I built the evidence of crisis preparation section by reviewing anonymous sourcing, a distributor’s independent decision to cancel Clydesdale appearances, and a later on-the-record admission from Anheuser-Busch’s Global Chief Marketing Officer who called the crisis incident a “wake-up call.”

For the short- and long-term impact sections, I prioritized using real and verifiable numbers instead of general statements about how the backlash impacted the company. I chose to include the actual YouGov chart as a visual to highlight the real sales drop that Anheuser-Busch experienced because of the crisis.

I decided to split my reflection/lessons learned section into two separate sections as a deliberate structural choice, since the assignment asks for both perspectives and I wanted each part to stand on its own.

I purposely kept a neutral stance on the politically charged parts of this case analysis, citing both the conservative and the LGBTQ+ backlash with equal weight.
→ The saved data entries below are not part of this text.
(* Let $\langle A;\cdot\rangle$ be a semigroup satisfying condition $( * )$. Then $\langle A;\cdot\rangle$ is an Abelian algebra if and only if $\langle A;\cdot\rangle$ is an inflation of a subsemigroup which is a rectangular band of commutative groups, and the product of any two idempotents of $A$ is an idempotent.
   Context: $A\cdot A=\{xy\mid x,y\in A\}$; an idempotent is $e$ with $ee=e$. Condition $( * )$: either ($bcA=bA$ and $Abc=Ac$ for all $b,c\in A$), or the set $A\cdot A$ is finite. A semigroup $\langle T;\cdot\rangle$ is a rectangular band of semigroups $T_{i\lambda}$ if $\{T_{i\lambda}\mid i\in I,\lambda\in\Lambda\}$ is a partition of $T$ into subsemigroups with $T_{i\lambda}\cdot T_{j\mu}\subseteq T_{i\mu}$ for all $i,j\in I$, $\lambda,\mu\in\Lambda$; it is a rectangular band of commutative groups if each $\langle T_{i\lambda};\cdot\rangle$ is a commutative group. A semigroup $\langle A;\cdot\rangle$ is an inflation of a subsemigroup $\langle B;\cdot\rangle$ if there is a partition $\{X_b\mid b\in B\}$ of $A$ with $b\in X_b$ and $x\cdot y=a\cdot b$ for all $a,b\in B$, $x\in X_a$, $y\in X_b$. A polynomial operation of an algebra is an operation obtained from a term by substituting elements of the algebra for some of its variables. An algebra is called Abelian if for every polynomial operation $t(x,y_1,\ldots,y_n)$ and all elements $u,v,c_1,\ldots,c_n,d_1,\ldots,d_n$ of the algebra, $t(u,c_1,\ldots,c_n)=t(u,d_1,\ldots,d_n)$ implies $t(v,c_1,\ldots,c_n)=t(v,d_1,\ldots,d_n)$. *)

theory Defs
  imports Main
begin

text \<open>The semigroup A is the whole carrier type 'a :: semigroup_mult.\<close>

definition cond_star :: "'a::semigroup_mult itself \<Rightarrow> bool" where
  "cond_star _ \<longleftrightarrow>
     (\<forall>b c::'a. {b * c * x | x. True} = {b * x | x. True}
                \<and> {x * b * c | x. True} = {x * c | x. True})
     \<or> finite {x * y | x y :: 'a. True}"

text \<open>Terms of the semigroup signature with constants from the semigroup
  (i.e. polynomials). Variable 0 plays the role of x, variables 1,2,... the y_i.\<close>
datatype 'a sterm = SVar nat | SConst 'a | SMul "'a sterm" "'a sterm"

primrec seval :: "(nat \<Rightarrow> 'a::semigroup_mult) \<Rightarrow> 'a sterm \<Rightarrow> 'a" where
  "seval \<rho> (SVar n) = \<rho> n"
| "seval \<rho> (SConst a) = a"
| "seval \<rho> (SMul s t) = seval \<rho> s * seval \<rho> t"

definition abelian_semigroup :: "'a::semigroup_mult itself \<Rightarrow> bool" where
  "abelian_semigroup _ \<longleftrightarrow>
     (\<forall>(t::'a sterm) (u::'a) v c d.
        seval (c(0 := u)) t = seval (d(0 := u)) t \<longrightarrow>
        seval (c(0 := v)) t = seval (d(0 := v)) t)"

definition subsemigroup :: "'a::semigroup_mult set \<Rightarrow> bool" where
  "subsemigroup B \<longleftrightarrow> (\<forall>x\<in>B. \<forall>y\<in>B. x * y \<in> B)"

definition comm_group_on :: "'a::semigroup_mult set \<Rightarrow> bool" where
  "comm_group_on G \<longleftrightarrow> subsemigroup G \<and> (\<forall>x\<in>G. \<forall>y\<in>G. x * y = y * x) \<and>
     (\<exists>e\<in>G. \<forall>x\<in>G. e * x = x \<and> x * e = x \<and> (\<exists>y\<in>G. x * y = e \<and> y * x = e))"

text \<open>B is a rectangular band of commutative groups T i l (i \<in> I, l \<in> L).
  The index sets are taken inside the carrier type (no loss: blocks are
  nonempty subsets of B, so |I|,|L| \<le> |B|).\<close>
definition rect_band_comm_groups :: "'a::semigroup_mult set \<Rightarrow> bool" where
  "rect_band_comm_groups B \<longleftrightarrow>
     (\<exists>(I::'a set) (L::'a set) (T :: 'a \<Rightarrow> 'a \<Rightarrow> 'a set).
        (\<forall>i\<in>I. \<forall>l\<in>L. T i l \<noteq> {} \<and> subsemigroup (T i l) \<and> comm_group_on (T i l)) \<and>
        (\<forall>i\<in>I. \<forall>l\<in>L. \<forall>j\<in>I. \<forall>m\<in>L. T i l = T j m \<or> T i l \<inter> T j m = {}) \<and>
        (\<Union>i\<in>I. \<Union>l\<in>L. T i l) = B \<and>
        (\<forall>i\<in>I. \<forall>l\<in>L. \<forall>j\<in>I. \<forall>m\<in>L. \<forall>x\<in>T i l. \<forall>y\<in>T j m. x * y \<in> T i m))"

definition inflation_of :: "'a::semigroup_mult set \<Rightarrow> bool" where
  "inflation_of B \<longleftrightarrow> subsemigroup B \<and>
     (\<exists>X :: 'a \<Rightarrow> 'a set.
        (\<forall>b\<in>B. b \<in> X b) \<and>
        (\<forall>x::'a. \<exists>!b. b \<in> B \<and> x \<in> X b) \<and>
        (\<forall>a\<in>B. \<forall>b\<in>B. \<forall>x\<in>X a. \<forall>y\<in>X b. x * y = a * b))"

end

theory Submission
  imports Defs
begin

text \<open>Testing the Abelian property on the polynomials \<open>x y\<^sub>1\<close> and \<open>y\<^sub>1 x y\<^sub>2\<close> gives the
  transfer law \<open>u c = u d \<Longrightarrow> v c = v d\<close>, hence \<open>v e y = v y\<close> for every idempotent \<open>e\<close>,
  and commutativity of every maximal subgroup. Condition (*) puts every product into a subgroup
  (directly from \<open>bcA = bA\<close> and \<open>Abc = Ac\<close>, or because some power of the product repeats).
  So \<open>A\<cdot>A\<close> is the union of the maximal subgroups \<open>H\<^bsub>il\<^esub>\<close> of the idempotents \<open>i l\<close>, a rectangular
  band of commutative groups, and \<open>x \<mapsto> x e\<close> (with \<open>e\<close> the identity of the group of \<open>x^2\<close>)
  retracts \<open>A\<close> onto it as an inflation.

  Conversely, in an inflation of a rectangular band of commutative groups whose idempotents are
  closed under products, again \<open>v e y = v y\<close>. Every product \<open>P\<close> is then determined by the
  identity \<open>\<kappa> P\<close> of its group and by \<open>e P e\<close> in one fixed group \<open>H\<^sub>e\<close>. Modulo \<open>\<kappa>\<close> the semigroup is a
  rectangular band, in which a polynomial only depends on its first and last leaf; modulo
  \<open>x \<mapsto> e x e\<close> it is a commutative group, in which
  \<open>t(u, c) t(v, d) = t(u, d) t(v, c)\<close>. Both properties transfer equations from \<open>x = u\<close> to \<open>x = v\<close>.\<close>

section \<open>Maximal subgroups\<close>

definition maximal_subgroup :: "'a::semigroup_mult \<Rightarrow> 'a set" where
  "maximal_subgroup k =
     {s. k * s = s \<and> s * k = s \<and> (\<exists>t. k * t = t \<and> t * k = t \<and> s * t = k \<and> t * s = k)}"

definition group_elements :: "'a::semigroup_mult set" where
  "group_elements = (\<Union>k. maximal_subgroup k)"

definition group_identity :: "'a::semigroup_mult \<Rightarrow> 'a" where
  "group_identity s = (THE k. s \<in> maximal_subgroup k)"

lemma maximal_subgroupD:
  assumes "s \<in> maximal_subgroup k"
  shows "k * s = s" "s * k = s"
  using assms unfolding maximal_subgroup_def by auto

lemma maximal_subgroup_idem:
  assumes "s \<in> maximal_subgroup k"
  shows "k * k = k"
proof -
  from assms obtain t where "k * s = s" "s * t = k" unfolding maximal_subgroup_def by blast
  then show ?thesis by (metis mult.assoc)
qed

lemma idem_in_maximal_subgroup: "k * k = k \<Longrightarrow> k \<in> maximal_subgroup k"
  unfolding maximal_subgroup_def by auto

lemma maximal_subgroup_unique:
  assumes "s \<in> maximal_subgroup k" "s \<in> maximal_subgroup k'"
  shows "k = k'"
proof -
  from assms obtain t t' where h: "k * s = s" "s * k = s" "s * t = k" "t * s = k"
    "k' * s = s" "s * k' = s" "s * t' = k'" "t' * s = k'" unfolding maximal_subgroup_def by blast
  have "k * k' = k" by (metis h(4) h(6) mult.assoc)
  moreover have "k * k' = k'" by (metis h(1) h(7) mult.assoc)
  ultimately show ?thesis by simp
qed

lemma group_identity_eq: "s \<in> maximal_subgroup k \<Longrightarrow> group_identity s = k"
  unfolding group_identity_def by (blast intro: the_equality maximal_subgroup_unique)

lemma group_identity: "s \<in> group_elements \<Longrightarrow> s \<in> maximal_subgroup (group_identity s)"
  unfolding group_elements_def using group_identity_eq by blast

lemma maximal_subgroup_closed:
  assumes x: "x \<in> maximal_subgroup k" and y: "y \<in> maximal_subgroup k"
  shows "x * y \<in> maximal_subgroup k"
proof -
  from x obtain t1 where x1: "k * x = x" "x * k = x" and t1: "k * t1 = t1" "t1 * k = t1" "x * t1 = k" "t1 * x = k"
    unfolding maximal_subgroup_def by blast
  from y obtain t2 where y1: "k * y = y" "y * k = y" and t2: "k * t2 = t2" "t2 * k = t2" "y * t2 = k" "t2 * y = k"
    unfolding maximal_subgroup_def by blast
  have "x * y * (t2 * t1) = x * (y * t2) * t1" by (simp add: mult.assoc)
  then have "x * y * (t2 * t1) = k" using x1(2) t1(3) t2(3) by simp
  moreover have "t2 * t1 * (x * y) = t2 * (t1 * x) * y" by (simp add: mult.assoc)
  then have "t2 * t1 * (x * y) = k" using y1(1) t1(4) t2(4) by (simp add: mult.assoc)
  moreover have "k * (t2 * t1) = t2 * t1" "t2 * t1 * k = t2 * t1"
    using t1(2) t2(1) by (simp_all add: mult.assoc[symmetric]) (simp add: mult.assoc)
  moreover have "k * (x * y) = x * y" "x * y * k = x * y"
    using x1(1) y1(2) by (simp_all add: mult.assoc[symmetric]) (simp add: mult.assoc)
  ultimately show ?thesis unfolding maximal_subgroup_def by blast
qed

text \<open>The identity of the group is \<open>e = y s = s x\<close>.\<close>
lemma group_elementI:
  fixes s :: "'a::semigroup_mult"
  assumes a1: "s = s * s * x" and a2: "s = y * s * s"
  shows "s \<in> group_elements"
proof -
  define e where "e = y * s"
  have e2: "e = s * x" unfolding e_def by (metis a1 a2 mult.assoc)
  have es: "e * s = s" unfolding e_def using a2 by (simp add: mult.assoc)
  have se: "s * e = s" unfolding e2 using a1 by (simp add: mult.assoc)
  have ee: "e * e = e" by (metis e2 es mult.assoc)
  define t where "t = e * x * e"
  have st: "s * t = e" unfolding t_def by (metis e2 ee se mult.assoc)
  have et: "e * t = t" "t * e = t" unfolding t_def by (metis ee mult.assoc)+
  have ls: "e * y * e * s = e" by (metis e_def ee es mult.assoc)
  have "t = e * y * e * s * t" using ls et by simp
  also have "\<dots> = e * y * e" using st ee by (simp add: mult.assoc)
  finally have ts: "t * s = e" using ls by simp
  have "s \<in> maximal_subgroup e" unfolding maximal_subgroup_def using es se st et ts by blast
  then show ?thesis unfolding group_elements_def by blast
qed

lemma maximal_subgroup_mult:
  fixes x y k1 k2 :: "'a::semigroup_mult"
  assumes absorb: "\<And>e v y::'a. e * e = e \<Longrightarrow> v * (e * y) = v * y"
    and x: "x \<in> maximal_subgroup k1" and y: "y \<in> maximal_subgroup k2"
  shows "x * y \<in> maximal_subgroup (k1 * k2)"
proof -
  have i1: "k1 * k1 = k1" and i2: "k2 * k2 = k2"
    using maximal_subgroup_idem[OF x] maximal_subgroup_idem[OF y] .
  from x obtain t1 where h1: "k1 * x = x" "x * k1 = x" "x * t1 = k1" "t1 * x = k1"
    unfolding maximal_subgroup_def by blast
  from y obtain t2 where h2: "k2 * y = y" "y * k2 = y" "y * t2 = k2" "t2 * y = k2"
    unfolding maximal_subgroup_def by blast
  define k where "k = k1 * k2"
  have kk: "k * k = k" unfolding k_def by (simp add: mult.assoc absorb[OF i1] i2)
  define t where "t = k * (t2 * (t1 * k))"
  have "k * (x * y) = x * y" unfolding k_def
    by (simp add: mult.assoc absorb[OF i2]) (simp add: mult.assoc[symmetric] h1(1))
  moreover have "(x * y) * k = x * y"
    unfolding k_def by (simp add: mult.assoc absorb[OF i1] h2(2))
  moreover have "k * t = t" "t * k = t" unfolding t_def
    by (simp add: mult.assoc[symmetric] kk) (simp add: mult.assoc kk)
  moreover have "(x * y) * t = k"
  proof -
    have "(x * y) * t = x * (y * (t2 * (t1 * k)))"
      unfolding t_def k_def by (simp add: mult.assoc absorb[OF i1] absorb[OF i2])
    also have "\<dots> = x * (k2 * (t1 * k))" using h2(3) by (metis mult.assoc)
    also have "\<dots> = x * (t1 * k)" by (rule absorb[OF i2])
    also have "\<dots> = k" unfolding k_def using h1(3) i1 by (simp add: mult.assoc[symmetric])
    finally show ?thesis .
  qed
  moreover have "t * (x * y) = k"
  proof -
    have "t * (x * y) = k1 * (k2 * (t2 * (t1 * (x * y))))"
      unfolding t_def k_def by (simp add: mult.assoc absorb[OF i1] absorb[OF i2])
    also have "\<dots> = k1 * (k2 * (t2 * (k1 * y)))" using h1(4) by (metis mult.assoc)
    also have "\<dots> = k1 * (k2 * (t2 * y))" by (simp add: absorb[OF i1])
    also have "\<dots> = k" unfolding k_def using h2(4) i2 by simp
    finally show ?thesis .
  qed
  ultimately show ?thesis unfolding maximal_subgroup_def k_def by blast
qed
I reserved my own conclusions for the communication strategy pieces instead of coming off as being for either side’s political stance.


Lessons Learned

What went well:

  • Separating the analysis by audience helped me to directly answer how the messaging differed for each.
  • Every major claim is tied to a specific, dated source, which let the case build a clear cause-and-effect chain of events.
  • Including the actual brand-tracking chart gave the long-term impact section a great visual of the brands declining favorability.

The main challenge:

The main challenge with this analysis was Anheuser-Busch’s own framing that it never intended “to be part of a discussion that divides people” when their response alienated both the audiences it was trying to reassure. This required careful, source-based argument-building and keeping my opinions out of it when it’s easy to get pulled into siding with one audience over another.

Outcomes:

One of the central, well-supported findings was that Anheuser-Busch’s lack of action in their two-week delay left conservative critics unsatisfied and LGBTQ+ partners feeling abandoned, all of which could be tied directly back to measurable outcomes:

  • a 21% short-term U.S. sales decline,
  • the loss of Bud Light’s decades-long title as America’s best-selling beer,
  • a 16+ point brand-favorability drop,
  • and a stock decline from about $66 to $45 that has only partially recovered.